(Stored data entries)
lemma sum_model_weight_subsets_le:
  assumes fin: "finite C"
  shows "(\<Sum>S\<in>Pow C. if S = {} \<or> 2 \<le> card S then model_weight (card C) (card S) else 0)
    \<le> max 1 (real (card C))"
proof -
  let ?m = "card C"
  define psi where "psi s = (if s = 0 \<or> 2 \<le> s then model_weight ?m s else 0)" for s
  have "(\<Sum>S\<in>Pow C. if S = {} \<or> 2 \<le> card S then model_weight ?m (card S) else 0) = (\<Sum>S\<in>Pow C. psi (card S))"
    using fin by (intro sum.cong refl) (auto simp: psi_def dest: finite_subset)
  also have "\<dots> = (\<Sum>s\<le>?m. real (?m choose s) * psi s)" by (rule sum_Pow_card[OF fin])
  also have "\<dots> = 1 + (\<Sum>s\<in>{1..?m}. real (?m choose s) * psi s)"
    by (simp add: psi_def atMost_atLeast0 sum.atLeast_Suc_atMost)
  also have "\<dots> \<le> 1 + (\<Sum>s\<in>{1..?m}. if 2 \<le> s then (1/2::real) ^ s else 0)"
    by (intro add_left_mono sum_mono) (auto simp: psi_def binomial_mult_model_weight_le)
  also have "\<dots> \<le> max 1 (real ?m)"
  proof (cases "?m \<le> 1")
    case True
    then have "(\<Sum>s\<in>{1..?m}. if 2 \<le> s then (1/2::real) ^ s else 0) = 0" by (intro sum.neutral) auto
    then show ?thesis by simp
  next
    case False
    have "(\<Sum>s\<in>{1..?m}. if 2 \<le> s then (1/2::real) ^ s else 0) \<le> (\<Sum>s\<in>{1..?m}. (1/2::real) ^ s)"
      by (intro sum_mono) auto
    also have "\<dots> \<le> 1" using sum_half_powers[of ?m] by simp
    finally show ?thesis using False by simp
  qed
  finally show ?thesis .
qed

text \<open>Blocks with exactly
  one row are excluded: for a community of size \<open>1\<close> the bound \<open>max 1 n\<^sub>k = 1\<close> leaves no room
  for nonempty blocks.\<close>

lemma sum_sparsity_families_prod_le:
  fixes \<phi> :: "nat \<times> nat \<Rightarrow> nat set \<Rightarrow> real"
  assumes \<phi>: "\<And>p S. 0 \<le> \<phi> p S"
  shows "(\<Sum>J\<in>{J. sparsity_family n K z J}. \<Prod>p\<in>{..<K} \<times> {..<K}. \<phi> p (J (fst p) (snd p)))
    \<le> (\<Prod>p\<in>{..<K} \<times> {..<K}. \<Sum>S\<in>Pow (comm n z (fst p)). \<phi> p S)"
proof -
  let ?B = "{..<K} \<times> {..<K}" and ?SF = "{J. sparsity_family n K z J}"
  let ?Sets = "\<lambda>p. Pow (comm n z (fst p))"
  define R where "R J = restrict (\<lambda>p. J (fst p) (snd p)) ?B" for J :: "nat \<Rightarrow> nat \<Rightarrow> nat set"
  have inj: "inj_on R ?SF"
  proof (rule inj_onI)
    fix J J' assume J: "J \<in> ?SF" and J': "J' \<in> ?SF" and eq: "R J = R J'"
    show "J = J'"
    proof (rule sparsity_family_eqI)
      show "sparsity_family n K z J" "sparsity_family n K z J'" using J J' by auto
      fix k l assume "k < K" "l < K"
      then show "J k l = J' k l" using fun_cong[OF eq, of "(k, l)"] by (simp add: R_def)
    qed
  qed
  have img: "R ` ?SF \<subseteq> PiE ?B ?Sets"
  proof
    fix f assume "f \<in> R ` ?SF"
    then obtain J where sf: "sparsity_family n K z J" and f: "f = R J" by blast
    have "\<forall>p\<in>?B. J (fst p) (snd p) \<in> ?Sets p" using sparsity_family_subset_comm[OF sf] by blast
    then show "f \<in> PiE ?B ?Sets" unfolding f R_def by (simp only: restrict_PiE_iff)
  qed
  have "(\<Sum>J\<in>?SF. \<Prod>p\<in>?B. \<phi> p (J (fst p) (snd p))) = (\<Sum>f\<in>R ` ?SF. \<Prod>p\<in>?B. \<phi> p (f p))"
    by (subst sum.reindex[OF inj]) (auto simp: R_def intro!: sum.cong prod.cong)
  also have "\<dots> \<le> (\<Sum>f\<in>PiE ?B ?Sets. \<Prod>p\<in>?B. \<phi> p (f p))"
    using img by (intro sum_mono2 finite_PiE prod_nonneg \<phi>) (auto simp: comm_def)
  also have "\<dots> = (\<Prod>p\<in>?B. \<Sum>S\<in>?Sets p. \<phi> p S)"
    by (rule prod_sum_PiE[symmetric]) (auto simp: comm_def)
  finally show ?thesis .
qed

lemma sum_prod_model_weight_le:
  "(\<Sum>J\<in>{J. sparsity_family n K z J \<and> (\<forall>k l. J k l = {} \<or> 2 \<le> card (J k l))}.
      \<Prod>p\<in>{..<K} \<times> {..<K}. model_weight (csize n z (fst p)) (card (J (fst p) (snd p))))
    \<le> (\<Prod>k<K. (max 1 (real (csize n z k))) ^ K)"
proof -
  let ?B = "{..<K} \<times> {..<K}"
  define \<phi> where "\<phi> p S = (if S = {} \<or> 2 \<le> card S then model_weight (csize n z (fst p)) (card S) else 0)"
    for p :: "nat \<times> nat" and S :: "nat set"
  have \<phi>0: "0 \<le> \<phi> p S" for p S by (simp add: \<phi>_def model_weight_nonneg)
  have "(\<Sum>J\<in>{J. sparsity_family n K z J \<and> (\<forall>k l. J k l = {} \<or> 2 \<le> card (J k l))}.
      \<Prod>p\<in>?B. model_weight (csize n z (fst p)) (card (J (fst p) (snd p))))
      = (\<Sum>J\<in>{J. sparsity_family n K z J \<and> (\<forall>k l. J k l = {} \<or> 2 \<le> card (J k l))}.
          \<Prod>p\<in>?B. \<phi> p (J (fst p) (snd p)))"
    by (intro sum.cong refl prod.cong) (auto simp: \<phi>_def)
  also have "\<dots> \<le> (\<Sum>J\<in>{J. sparsity_family n K z J}. \<Prod>p\<in>?B. \<phi> p (J (fst p) (snd p)))"
    by (rule sum_mono2) (auto simp: finite_sparsity_families \<phi>0 intro: prod_nonneg)
  also have "\<dots> \<le> (\<Prod>p\<in>?B. \<Sum>S\<in>Pow (comm n z (fst p)). \<phi> p S)"
    by (rule sum_sparsity_families_prod_le[OF \<phi>0])
  also have "\<dots> \<le> (\<Prod>p\<in>?B. max 1 (real (csize n z (fst p))))"
  proof (rule prod_mono)
    fix p
    have "(\<Sum>S\<in>Pow (comm n z (fst p)). \<phi> p S) \<le> max 1 (real (csize n z (fst p)))"
      unfolding \<phi>_def csize_def by (rule sum_model_weight_subsets_le) (simp add: comm_def)
    then show "0 \<le> (\<Sum>S\<in>Pow (comm n z (fst p)). \<phi> p S) \<and>
        (\<Sum>S\<in>Pow (comm n z (fst p)). \<phi> p S) \<le> max 1 (real (csize n z (fst p)))"
      by (simp add: sum_nonneg \<phi>0)
  qed
  also have "\<dots> = (\<Prod>k<K. \<Prod>l<K. max 1 (real (csize n z k)))"
    unfolding prod.cartesian_product by (simp add: case_prod_beta)
  finally show ?thesis by simp
qed

lemma prod_model_weight_eq:
  "(\<Prod>p\<in>{..<K} \<times> {..<K}. model_weight (csize n z (fst p)) (card (J (fst p) (snd p)))) =
    48 ^ (2 * Jcard K J) * exp (- (26 * (\<Sum>k<K. \<Sum>l<K.
      real (card (J k l)) * ln (real (csize n z k) * exp 1 / real (card (J k l))))))"
proof -
  let ?B = "{..<K} \<times> {..<K}" and ?c = "\<lambda>p. card (J (fst p) (snd p))"
  let ?T = "\<lambda>p. real (?c p) * ln (real (csize n z (fst p)) * exp 1 / real (?c p))"
  have "(\<Prod>p\<in>?B. model_weight (csize n z (fst p)) (?c p)) =
      (\<Prod>p\<in>?B. (48::real) ^ (2 * ?c p)) * (\<Prod>p\<in>?B. exp (- (26 * ?T p)))"
    by (simp add: model_weight_def prod.distrib)
  also have "(\<Prod>p\<in>?B. (48::real) ^ (2 * ?c p)) = 48 ^ (2 * Jcard K J)"
    by (simp add: power_sum[symmetric] Jcard_def sum_distrib_left[symmetric] sum.cartesian_product case_prod_beta)
  also have "(\<Prod>p\<in>?B. exp (- (26 * ?T p))) = exp (- (26 * (\<Sum>k<K. \<Sum>l<K.
      real (card (J k l)) * ln (real (csize n z k) * exp 1 / real (card (J k l))))))"
    by (simp add: exp_sum[symmetric] sum_negf sum_distrib_left[symmetric] sum.cartesian_product case_prod_beta)
  finally show ?thesis .
qed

WHAT IS EXPECTED:
Above are some records. Report the number of their lines that include "times", and add nothing else.

OUTPUT OF THE EXERCISE:
9